The asylum mentioned in the text turned out to be the old hospital of the medieval sultan Qalawun. Mona said that Ihab had shown a special interest in the place. On our way down in the elevator, she broke into tears. “He told me once it’s the place where he hoped to die,” she choked.
I patted her on the shoulder with caution, trying not to get emotional. I knew that the smallest spark of emotion, even something as simple as a brotherly hug, would be enough to send her into a fit of weeping and hallucinating. Madness was one of her proudest attributes.
We wouldn’t be able to get a taxi on Adly Street, with all the cars coming out of the old city. We’d have to walk, and get a taxi somewhere else. You see, Cairo is arranged as a collection of historical circles, where it’s easy to go to the future, but difficult to return to the past. This, too, I have learned.
Ihab was drenched in sweat. He clung nervously to his phone, its clock counting down to zero. Just thirty minutes and the poison would finish him. His body was crammed inside a small room that had been reconstructed to look like one of the asylum’s old cells.
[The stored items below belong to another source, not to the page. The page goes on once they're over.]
lemma expected_loss_eq_mean:
  assumes "t \<ge> 1"
  shows "(\<integral>\<omega>. L t \<omega> (\<pi> (S t \<omega>)) \<partial>M) = (\<integral>\<omega>. \<mu> (\<pi> (S t \<omega>)) \<partial>M)"
proof -
  have indep: "indep_rvs M loss_space (L t) (count_space UNIV) (\<lambda>\<omega>. \<pi> (S t \<omega>))"
    using indep_rvs_compose[OF loss_indep_avail[OF assms] loss_measurable[OF assms]
        avail_measurable[OF assms] measurable_id, where h = \<pi> and Nb = "count_space UNIV"]
    by (simp add: comp_def)
  show ?thesis
    using assms
    by (subst integral_eval_indep[OF indep])
      (auto simp: integral_loss_component intro: loss_measurable integrable_loss_eval
        measurable_compose[OF avail_measurable])
qed

lemma policy_regret_eq:
  "policy_regret M L S k T \<pi> =
     (\<integral>\<omega>. (\<Sum>t\<in>{1..T}. L t \<omega> (k t \<omega>)) \<partial>M) - (\<Sum>t\<in>{1..T}. \<integral>\<omega>. \<mu> (\<pi> (S t \<omega>)) \<partial>M)"
proof -
  have "(\<integral>\<omega>. (\<Sum>t\<in>{1..T}. L t \<omega> (\<pi> (S t \<omega>))) \<partial>M) = (\<Sum>t\<in>{1..T}. \<integral>\<omega>. L t \<omega> (\<pi> (S t \<omega>)) \<partial>M)"
    by (intro Bochner_Integration.integral_sum integrable_loss_eval
        measurable_compose[OF avail_measurable]) auto
  also have "\<dots> = (\<Sum>t\<in>{1..T}. \<integral>\<omega>. \<mu> (\<pi> (S t \<omega>)) \<partial>M)"
    by (intro sum.cong refl expected_loss_eq_mean) simp
  finally show ?thesis
    unfolding policy_regret_def by simp
qed

lemma integral_ordering_regret:
  "(\<integral>\<omega>. ordering_regret L S k T \<sigma> \<omega> \<partial>M) = policy_regret M L S k T (ord_select \<sigma>)"
  unfolding ordering_regret_def policy_regret_def sum_subtractf
  by (intro Bochner_Integration.integral_diff Bochner_Integration.integrable_sum
      integrable_loss_eval arm_measurable measurable_compose[OF avail_measurable]) auto

lemma policy_regret_le_sorted_ordering:
  assumes "sorted (map \<mu> \<sigma>)" "set \<sigma> = UNIV" "\<pi> \<in> policies"
  shows "policy_regret M L S k T \<pi> \<le> policy_regret M L S k T (ord_select \<sigma>)"
proof -
  have "(\<Sum>t\<in>{1..T}. \<integral>\<omega>. \<mu> (ord_select \<sigma> (S t \<omega>)) \<partial>M) \<le> (\<Sum>t\<in>{1..T}. \<integral>\<omega>. \<mu> (\<pi> (S t \<omega>)) \<partial>M)"
  proof (intro sum_mono integral_mono integrable_mean_policy)
    fix t \<omega> assume "t \<in> {1..T}" "\<omega> \<in> space M"
    then have "\<pi> (S t \<omega>) \<in> S t \<omega>"
      using assms(3) avail_nonempty by (auto simp: policies_def)
    then show "\<mu> (ord_select \<sigma> (S t \<omega>)) \<le> \<mu> (\<pi> (S t \<omega>))"
      by (rule ord_select_sorted_min[OF assms(1,2)])
  qed auto
  then show ?thesis
    unfolding policy_regret_eq by simp
qed

end
(* Let $\kappa<\lambda$ be infinite cardinals with $\kappa$ regular. Let $\mathcal I$ be a normal $\kappa^+$-complete ideal on $\mathcal P_{\kappa^+}(\lambda)$, and assume that the quotient forcing $\mathcal P(\mathcal P_{\kappa^+}(\lambda))/\mathcal I$ has a $\kappa$-closed dense subset. Then $\mathrm{RC}(\kappa,\lambda)$ holds: every non-special tree of height $\kappa$ and size at most $\lambda$ has a non-special subtree of height $\kappa$ and size less than $\kappa^+$.
   Context: For a set $X$ and cardinal $\mu$, $\mathcal P_\mu(X)$ is the set of subsets of $X$ of size less than $\mu$. An ideal $\mathcal I$ on $\mathcal P_{\kappa^+}(\lambda)$ is $\kappa^+$-complete if it is closed under unions of at most $\kappa$ many members, and normal if it is fine (for each $\xi<\lambda$, $\{x:\xi\notin x\}\in\mathcal I$) and for every $\mathcal I$-positive set $A$ and every function $f$ on $A$ with $f(x)\in x$ for all $x\in A$, $f$ is constant on an $\mathcal I$-positive subset of $A$. The forcing $\mathcal P(\mathcal P_{\kappa^+}(\lambda))/\mathcal I$ consists of the $\mathcal I$-positive subsets of $\mathcal P_{\kappa^+}(\lambda)$ modulo $\mathcal I$, ordered by inclusion modulo $\mathcal I$. A forcing is $\kappa$-closed if every descending sequence of conditions of length less than $\kappa$ has a lower bound. A tree is a partial order $(T,<_T)$ in which the predecessors of each node are well-ordered. For a regular cardinal $\kappa$ and a tree $T$ of height $\kappa$, $T$ is special if there is $f:T\to T$ with $f(t)<_T t$ for all $t$ and such that for every $t\in T$, $f^{-1}[\{t\}]$ is a union of fewer than $\kappa$ antichains. For regular $\kappa$ and cardinal $\mu\ge\kappa^+$, $\mathrm{RC}(\kappa,\mu)$ states that every non-special tree of height $\kappa$ and size at most $\mu$ has a non-special subtree of height $\kappa$ and size less than $\kappa^+$. *)

theory Defs
  imports Main
begin
section \<open>Contracting the parts of the initial forest\<close>

locale metric_forest =
  fixes X :: "'a set" and d :: "'a \<Rightarrow> 'a \<Rightarrow> real" and t :: nat
    and P :: "nat \<Rightarrow> 'a set" and T :: "nat \<Rightarrow> 'a set set"
  assumes finite_X: "finite X" and metric: "metric_on X d"
    and parts_nonempty: "\<forall>i<t. P i \<noteq> {}"
    and parts_disjoint: "\<forall>i<t. \<forall>j<t. i \<noteq> j \<longrightarrow> P i \<inter> P j = {}"
    and parts_cover: "(\<Union>i<t. P i) = X"
    and part_trees: "\<forall>i<t. spanning_tree (P i) (T i)"
begin

abbreviation Et :: "'a set set" where
  "Et \<equiv> \<Union>i<t. T i"

definition part_of :: "'a \<Rightarrow> nat" where
  "part_of x = (SOME i. i < t \<and> x \<in> P i)"

lemma part_subset: "i < t \<Longrightarrow> P i \<subseteq> X"
  using parts_cover by blast

lemma finite_part: "i < t \<Longrightarrow> finite (P i)"
  using finite_subset[OF part_subset finite_X] .

lemma part_of:
  assumes "x \<in> X"
  shows "part_of x < t \<and> x \<in> P (part_of x)"
proof -
  have "\<exists>i. i < t \<and> x \<in> P i" using parts_cover assms by blast
  then show ?thesis unfolding part_of_def by (rule someI_ex)
qed

lemma part_of_eq: "i < t \<Longrightarrow> x \<in> P i \<Longrightarrow> part_of x = i"
  using part_of[of x] part_subset parts_disjoint by blast

lemma part_tree_edges: "i < t \<Longrightarrow> T i \<subseteq> edges_on (P i)"
  using part_trees unfolding spanning_tree_def by blast

lemma part_tree_edges_on_X: "i < t \<Longrightarrow> T i \<subseteq> edges_on X"
  using part_tree_edges edges_on_mono[OF part_subset] by blast

lemma finite_part_tree: "i < t \<Longrightarrow> finite (T i)"
  using finite_subset[OF part_tree_edges finite_edges_on[OF finite_part]] .

lemma part_tree_rtrancl: "i < t \<Longrightarrow> x \<in> P i \<Longrightarrow> y \<in> P i \<Longrightarrow> (x, y) \<in> (adj (T i))\<^sup>*"
  using part_trees unfolding spanning_tree_def connected_by_def by blast

lemma dist_le_part_tree_weight:
  "i < t \<Longrightarrow> x \<in> P i \<Longrightarrow> y \<in> P i \<Longrightarrow> d x y \<le> weight (edge_cost d) (T i)"
  using rtrancl_adj_dist_le_weight[OF metric finite_part_tree part_tree_edges_on_X]
    part_subset part_tree_rtrancl by blast

lemma Et_edges_on: "Et \<subseteq> edges_on X"
  using part_tree_edges_on_X by blast

lemma finite_Et: "finite Et"
  using finite_part_tree by blast

lemma part_of_Et:
  assumes "{x, y} \<in> Et"
  shows "part_of x = part_of y"
proof -
  obtain k where "k < t" "{x, y} \<in> T k" using assms by blast
  then have "{x, y} \<subseteq> P k" using part_tree_edges edges_on_subset by blast
  then show ?thesis using part_of_eq[OF \<open>k < t\<close>] by simp
qed

lemma part_trees_disjoint:
  assumes "i < t" "j < t" "i \<noteq> j"
  shows "T i \<inter> T j = {}"
proof (rule ccontr)
  assume "T i \<inter> T j \<noteq> {}"
  then obtain e where "e \<in> edges_on (P i)" "e \<in> edges_on (P j)"
    using part_tree_edges assms(1,2) by blast
  then obtain u where "u \<in> P i" "u \<in> P j" by (blast elim: edges_onE dest: edges_on_subset)
  then show False using parts_disjoint assms by blast
qed

lemma weight_Et: "weight c Et = (\<Sum>i<t. weight c (T i))"
  unfolding weight_def by (rule sum.UNION_disjoint) (auto simp: finite_part_tree part_trees_disjoint)

lemma card_Et: "card Et + t = card X"
proof -
  have "card Et = (\<Sum>i<t. card (T i))"
    by (rule card_UN_disjoint) (auto simp: finite_part_tree part_trees_disjoint)
  moreover have "card X = (\<Sum>i<t. card (P i))"
    unfolding parts_cover[symmetric] by (rule card_UN_disjoint) (use finite_part parts_disjoint in auto)
  moreover have "(\<Sum>i<t. card (P i)) = (\<Sum>i<t. card (T i) + 1)"
    using spanning_tree_card[OF finite_part] parts_nonempty part_trees by simp
  ultimately show ?thesis by (simp add: sum_Suc)
qed

lemma union_find_inv_connected_parts:
  assumes inv: "union_find_inv {0..<t} part_of c \<omega> a F \<rho> J" and "connected_by X (Et \<union> F)"
  shows "connected_by {0..<t} J"
proof (cases "t = 0")
  case False
  have "\<rho> (part_of x) = \<rho> (part_of y)" if "{x, y} \<in> Et \<union> F" for x y
  proof (cases "{x, y} \<in> Et")
    case True
    then show ?thesis using part_of_Et by simp
  qed (use that union_find_invD(5)[OF inv] in blast)
  then have same_root: "\<rho> (part_of x) = \<rho> (part_of y)" if "(x, y) \<in> (adj (Et \<union> F))\<^sup>*" for x y
    using const_on_rtrancl[OF that, of "\<lambda>x. \<rho> (part_of x)"] unfolding adj_def by blast
  have "\<rho> i = \<rho> 0" if i: "i \<in> {0..<t}" for i
  proof -
    have "i < t" "0 < t" using i False by auto
    then obtain x y where xy: "x \<in> P i" "y \<in> P 0" using parts_nonempty by blast
    then have "x \<in> X" "y \<in> X" using part_subset \<open>i < t\<close> \<open>0 < t\<close> by blast+
    then have "(x, y) \<in> (adj (Et \<union> F))\<^sup>*" using assms(2) unfolding connected_by_def by blast
    then have "\<rho> (part_of x) = \<rho> (part_of y)" by (rule same_root)
    then show ?thesis using part_of_eq[OF \<open>i < t\<close> xy(1)] part_of_eq[OF \<open>0 < t\<close> xy(2)] by simp
  qed
  moreover have "0 \<in> {0..<t}" using False by simp
  ultimately show ?thesis using union_find_inv_single_root(1)[OF inv finite_atLeastLessThan] by blast
qed (simp add: connected_by_def)
(* Let $A$ be an associative unital $k$-algebra over a commutative ring $k$. Then $A$ is a left Ore domain if and only if $A$ is a monoform left $A$-module. In this case $A$ is a monoform left $B$-module for every subalgebra $B$ with $L(A)\subseteq B\subseteq\mathrm{End}_k(A)$.
   Context: $L(A)=\{L_a: a\in A\}$ where $L_a(x)=ax$; $A$ is a left $B$-module via $\varphi\cdot a=\varphi(a)$. A left Ore domain is a domain $R$ such that $Ra\cap Rb\neq 0$ for all nonzero $a,b\in R$ (equivalently, a domain of left uniform dimension $1$). A module $M$ is monoform if every nonzero homomorphism $f:N\to M$ from a submodule $N\subseteq M$ is injective. *)

theory Defs
  imports Main "HOL.Modules"
begin

text \<open>A is modelled as the whole ring type 'a; the k-algebra structure is a
scalar action smult of a commutative ring type 'k making 'a a k-module
(HOL's module locale) compatible with multiplication.\<close>

definition k_algebra :: "('k::comm_ring_1 \<Rightarrow> 'a::ring_1 \<Rightarrow> 'a) \<Rightarrow> bool" where
  "k_algebra smult \<longleftrightarrow> module smult \<and>
     (\<forall>c a b. smult c (a * b) = smult c a * b \<and> smult c (a * b) = a * smult c b)"

definition L :: "'a::ring_1 \<Rightarrow> 'a \<Rightarrow> 'a" where
  "L a = (\<lambda>x. a * x)"

definition left_ore_domain :: "'a::ring_1 itself \<Rightarrow> bool" where
  "left_ore_domain (_::'a itself) \<longleftrightarrow>
     (1::'a) \<noteq> 0 \<and> (\<forall>a b::'a. a * b = 0 \<longrightarrow> a = 0 \<or> b = 0) \<and>
     (\<forall>a b::'a. a \<noteq> 0 \<longrightarrow> b \<noteq> 0 \<longrightarrow> (\<exists>r s. r * a = s * b \<and> r * a \<noteq> 0))"

text \<open>Module structure on 'a given by a set B of operators acting by evaluation
(phi . x = phi x). For B = L(A) this is the left regular A-module.\<close>
definition op_submodule :: "('a::ab_group_add \<Rightarrow> 'a) set \<Rightarrow> 'a set \<Rightarrow> bool" where
  "op_submodule B N \<longleftrightarrow> 0 \<in> N \<and> (\<forall>x\<in>N. \<forall>y\<in>N. x + y \<in> N) \<and> (\<forall>x\<in>N. - x \<in> N)
     \<and> (\<forall>\<phi>\<in>B. \<forall>x\<in>N. \<phi> x \<in> N)"

definition op_hom :: "('a::ab_group_add \<Rightarrow> 'a) set \<Rightarrow> 'a set \<Rightarrow> ('a \<Rightarrow> 'a) \<Rightarrow> bool" where
  "op_hom B N f \<longleftrightarrow> (\<forall>x\<in>N. \<forall>y\<in>N. f (x + y) = f x + f y) \<and>
     (\<forall>\<phi>\<in>B. \<forall>x\<in>N. f (\<phi> x) = \<phi> (f x))"

definition monoform :: "('a::ab_group_add \<Rightarrow> 'a) set \<Rightarrow> bool" where
  "monoform B \<longleftrightarrow> (\<forall>N f. op_submodule B N \<and> op_hom B N f \<and> (\<exists>x\<in>N. f x \<noteq> 0)
       \<longrightarrow> inj_on f N)"

definition k_linear :: "('k::comm_ring_1 \<Rightarrow> 'a::ab_group_add \<Rightarrow> 'a) \<Rightarrow> ('a \<Rightarrow> 'a) \<Rightarrow> bool" where
  "k_linear smult f \<longleftrightarrow> (\<forall>x y. f (x + y) = f x + f y) \<and> (\<forall>c x. f (smult c x) = smult c (f x))"

definition End_subalgebra :: "('k::comm_ring_1 \<Rightarrow> 'a::ab_group_add \<Rightarrow> 'a) \<Rightarrow> ('a \<Rightarrow> 'a) set \<Rightarrow> bool" where
  "End_subalgebra smult B \<longleftrightarrow> (\<forall>f\<in>B. k_linear smult f) \<and> id \<in> B \<and> (\<lambda>x. 0) \<in> B \<and>
     (\<forall>f\<in>B. \<forall>g\<in>B. (\<lambda>x. f x + g x) \<in> B \<and> f \<circ> g \<in> B) \<and>
     (\<forall>c. \<forall>f\<in>B. (\<lambda>x. smult c (f x)) \<in> B)"

end

theory Submission
  imports Defs
begin

text \<open>
  Proof idea.  A homomorphism of modules is injective iff its kernel is trivial,
  so monoformness of a module says: a homomorphism from a submodule that kills a
  nonzero element kills everything.

  Ore \<Longrightarrow> monoform: for any operator set B containing all left multiplications,
  if f kills z \<noteq> 0 but not w, the Ore condition gives r z = s w \<noteq> 0, whence
  0 = f (r z) = s f(w); as A is a domain s = 0, contradicting s w \<noteq> 0.

  Monoform \<Longrightarrow> Ore: right multiplication by b \<noteq> 0 is an endomorphism of the
  regular module not killing 1, hence injective, so A is a domain.  If
  Aa \<inter> Ab = 0 then the projection of Aa \<oplus> Ab onto Aa is a homomorphism that
  fixes a \<noteq> 0 and kills b \<noteq> 0, contradicting monoformness.
\<close>

lemma op_hom_zero:
  assumes "op_hom B N f" and "0 \<in> N"
  shows "f 0 = 0"
proof -
  have "f (0 + 0) = f 0 + f 0" using assms unfolding op_hom_def by blast
  thus ?thesis by simp
qed

lemma op_hom_inj_on_iff:
  assumes N: "op_submodule B N" and f: "op_hom B N f"
  shows "inj_on f N \<longleftrightarrow> (\<forall>z\<in>N. f z = 0 \<longrightarrow> z = 0)"
proof
  assume "inj_on f N"
  moreover have "0 \<in> N" "f 0 = 0" using N f op_hom_zero unfolding op_submodule_def by blast+
  ultimately show "\<forall>z\<in>N. f z = 0 \<longrightarrow> z = 0" by (metis inj_onD)
next
  assume ker: "\<forall>z\<in>N. f z = 0 \<longrightarrow> z = 0"
  show "inj_on f N"
  proof (rule inj_onI)
    fix x y assume x: "x \<in> N" and y: "y \<in> N" and fxy: "f x = f y"
    have diff: "x - y \<in> N"
      using N x y unfolding op_submodule_def by (metis diff_conv_add_uminus)
    have "f (x - y + y) = f (x - y) + f y" using f diff y unfolding op_hom_def by blast
    hence "f (x - y) = 0" using fxy by simp
    thus "x = y" using ker diff by auto
  qed
qed

lemma op_submodule_mult:
  assumes "range L \<subseteq> B" and "op_submodule B N" and "x \<in> N"
  shows "c * x \<in> N"
proof -
  have "L c \<in> B" using assms(1) by blast
  thus ?thesis using assms(2,3) unfolding op_submodule_def L_def by blast
qed

lemma op_hom_mult:
  assumes "range L \<subseteq> B" and "op_hom B N f" and "x \<in> N"
  shows "f (c * x) = c * f x"
proof -
  have "L c \<in> B" using assms(1) by blast
  thus ?thesis using assms(2,3) unfolding op_hom_def L_def by blast
qed

lemma ore_monoform:
  assumes ore: "left_ore_domain TYPE('a::ring_1)"
    and BL: "range (L :: 'a \<Rightarrow> 'a \<Rightarrow> 'a) \<subseteq> B"
  shows "monoform B"
  unfolding monoform_def
proof (intro allI impI)
  fix N and f :: "'a \<Rightarrow> 'a"
  assume "op_submodule B N \<and> op_hom B N f \<and> (\<exists>x\<in>N. f x \<noteq> 0)"
  then have N: "op_submodule B N" and f: "op_hom B N f"
    and "\<exists>w\<in>N. f w \<noteq> 0" by blast+
  then obtain w where w: "w \<in> N" "f w \<noteq> 0" by blast
  have domain: "\<And>a b::'a. a * b = 0 \<Longrightarrow> a = 0 \<or> b = 0"
    and ore_cond: "\<And>a b::'a. a \<noteq> 0 \<Longrightarrow> b \<noteq> 0 \<Longrightarrow> \<exists>r s. r * a = s * b \<and> r * a \<noteq> 0"
    using ore unfolding left_ore_domain_def by blast+
  have "z = 0" if z: "z \<in> N" "f z = 0" for z
  proof (rule ccontr)
    assume "z \<noteq> 0"
    moreover have "w \<noteq> 0" using w op_hom_mult[OF BL f w(1), of 0] by auto
    ultimately obtain r s where rs: "r * z = s * w" "r * z \<noteq> 0"
      using ore_cond by blast
    have "s * f w = f (r * z)" using op_hom_mult[OF BL f] z(1) w(1) rs(1) by simp
    also have "\<dots> = 0" using op_hom_mult[OF BL f z(1)] z(2) by simp
    finally have "s = 0" using domain w(2) by blast
    thus False using rs by simp
  qed
  thus "inj_on f N" using op_hom_inj_on_iff[OF N f] by blast
qed

lemma right_mult_op_hom: "op_hom (range L) UNIV (\<lambda>x. x * (b::'a::ring_1))"
  unfolding op_hom_def L_def by (auto simp: algebra_simps)

lemma op_submodule_UNIV: "op_submodule B UNIV"
  unfolding op_submodule_def by simp

definition left_ideal2 :: "'a::ring_1 \<Rightarrow> 'a \<Rightarrow> 'a set" where
  "left_ideal2 a b = {r * a + s * b | r s. True}"

lemma op_submodule_left_ideal2: "op_submodule (range L) (left_ideal2 a b)"
  unfolding op_submodule_def left_ideal2_def L_def
proof (intro conjI ballI)
  show "0 \<in> {r * a + s * b |r s. True}" by (intro CollectI exI[of _ 0]) simp
next
  fix x y assume "x \<in> {r * a + s * b |r s. True}" "y \<in> {r * a + s * b |r s. True}"
  then obtain r s r' s' where "x = r * a + s * b" "y = r' * a + s' * b" by blast
  thus "x + y \<in> {r * a + s * b |r s. True}"
    by (intro CollectI exI[of _ "r + r'"] exI[of _ "s + s'"]) (simp add: algebra_simps)
next
  fix x assume "x \<in> {r * a + s * b |r s. True}"
  then obtain r s where "x = r * a + s * b" by blast
  thus "- x \<in> {r * a + s * b |r s. True}"
    by (intro CollectI exI[of _ "- r"] exI[of _ "- s"]) (simp add: algebra_simps)
next
  fix \<phi> :: "'a \<Rightarrow> 'a" and x
  assume "\<phi> \<in> range (\<lambda>a x. a * x)" "x \<in> {r * a + s * b |r s. True}"
  then obtain c r s where "\<phi> = (\<lambda>x. c * x)" "x = r * a + s * b" by blast
  thus "\<phi> x \<in> {r * a + s * b |r s. True}"
    by (intro CollectI exI[of _ "c * r"] exI[of _ "c * s"]) (simp add: algebra_simps)
qed

text \<open>If Aa \<inter> Ab = 0, the sum Aa + Ab is direct and the projection onto Aa
  (well defined by directness) is a homomorphism fixing a and killing b.\<close>
lemma direct_sum_projection:
  fixes a b :: "'a::ring_1"
  assumes direct: "\<And>r s. r * a = s * b \<Longrightarrow> r * a = 0"
  obtains p where "op_hom (range L) (left_ideal2 a b) p" and "p a = a" and "p b = 0"
proof -
  define p where "p x = (SOME y. \<exists>r s. x = r * a + s * b \<and> y = r * a)" for x
  have unique: "r * a = r' * a" if "r * a + s * b = r' * a + s' * b" for r s r' s'
  proof -
    have "(r - r') * a = (s' - s) * b" using that by (simp add: algebra_simps)
    hence "(r - r') * a = 0" using direct by blast
    thus ?thesis by (simp add: algebra_simps)
  qed
  have p_eq: "p (r * a + s * b) = r * a" for r s
  proof -
    have "\<exists>r' s'. r * a + s * b = r' * a + s' * b \<and> p (r * a + s * b) = r' * a"
      unfolding p_def by (rule someI_ex) blast
    thus ?thesis using unique by metis
  qed
  have "op_hom (range L) (left_ideal2 a b) p"
    unfolding op_hom_def left_ideal2_def L_def
  proof (intro conjI ballI)
    fix x y assume "x \<in> {r * a + s * b |r s. True}" "y \<in> {r * a + s * b |r s. True}"
    then obtain r s r' s' where x: "x = r * a + s * b" and y: "y = r' * a + s' * b" by blast
    have "x + y = (r + r') * a + (s + s') * b" using x y by (simp add: algebra_simps)
    hence "p (x + y) = (r + r') * a" using p_eq by simp
    thus "p (x + y) = p x + p y" using x y p_eq by (simp add: algebra_simps)
  next
    fix \<phi> :: "'a \<Rightarrow> 'a" and x
    assume "\<phi> \<in> range (\<lambda>a x. a * x)" "x \<in> {r * a + s * b |r s. True}"
    then obtain c r s where \<phi>: "\<phi> = (\<lambda>x. c * x)" and x: "x = r * a + s * b" by blast
    have "c * x = (c * r) * a + (c * s) * b" using x by (simp add: algebra_simps)
    hence "p (c * x) = (c * r) * a" using p_eq by simp
    thus "p (\<phi> x) = \<phi> (p x)" using \<phi> x p_eq by (simp add: algebra_simps)
  qed
  moreover have "p a = a" using p_eq[of 1 0] by simp
  moreover have "p b = 0" using p_eq[of 0 1] by simp
  ultimately show thesis using that by blast
qed

lemma monoform_ore:
  assumes M: "monoform (range (L :: 'a::ring_1 \<Rightarrow> 'a \<Rightarrow> 'a))"
  shows "left_ore_domain TYPE('a)"
proof -
  have inj: "inj_on f N"
    if "op_submodule (range L) N" "op_hom (range L) N f" "x \<in> N" "f x \<noteq> 0"
    for N f and x :: 'a
    using M that unfolding monoform_def by blast
  have domain: "a = 0 \<or> b = 0" if ab: "a * b = 0" for a b :: 'a
  proof (rule ccontr)
    assume nz: "\<not> (a = 0 \<or> b = 0)"
    have "inj_on (\<lambda>x. x * b) UNIV"
      using inj[OF op_submodule_UNIV right_mult_op_hom, of 1] nz by simp
    hence "a = 0" using ab by (metis UNIV_I inj_onD mult_zero_left)
    thus False using nz by simp
  qed
  have ore_cond: "\<exists>r s. r * a = s * b \<and> r * a \<noteq> 0" if "a \<noteq> 0" "b \<noteq> 0" for a b :: 'a
  proof (rule ccontr)
    assume "\<not> (\<exists>r s. r * a = s * b \<and> r * a \<noteq> 0)"
    then obtain p where p: "op_hom (range L) (left_ideal2 a b) p" "p a = a" "p b = 0"
      using direct_sum_projection by blast
    have mem: "a \<in> left_ideal2 a b" "b \<in> left_ideal2 a b"
      unfolding left_ideal2_def
      by (intro CollectI exI[of _ 1] exI[of _ 0], simp, intro CollectI exI[of _ 0] exI[of _ 1], simp)
    have "inj_on p (left_ideal2 a b)"
      using inj[OF op_submodule_left_ideal2 p(1) mem(1)] p(2) that(1) by simp
    hence "b = 0"
      using op_hom_inj_on_iff[OF op_submodule_left_ideal2 p(1)] mem(2) p(3) by blast
    thus False using that(2) by simp
  qed
  show ?thesis unfolding left_ore_domain_def using domain ore_cond by simp
qed

theorem lemma2p3:
  fixes smult :: "'k::comm_ring_1 \<Rightarrow> 'a::ring_1 \<Rightarrow> 'a"
  assumes "k_algebra smult"
  shows "(left_ore_domain TYPE('a) \<longleftrightarrow> monoform (range (L :: 'a \<Rightarrow> 'a \<Rightarrow> 'a))) \<and>
         (left_ore_domain TYPE('a) \<longrightarrow>
            (\<forall>B. End_subalgebra smult B \<and> range L \<subseteq> B \<longrightarrow> monoform B))"
  using ore_monoform[of "range L"] ore_monoform monoform_ore by blast

end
It’s said that this place was originally made for soldiers returning from the shock of war. At dusk, a band of musicians would come to the courtyard and play. The cell doors would open and the inmates would listen, supposedly as a treatment for their madness.
There was no music here, and I wasn’t sure which of the three of us was truly mad. Maybe the mad were only on the outside, while here between these walls stood the sane ones, impotent victims of a war that never took place.
“Go out from here in peace,” Ihab chanted, concluding a melodramatic scene with Mona smiling and me smoking a last cigar.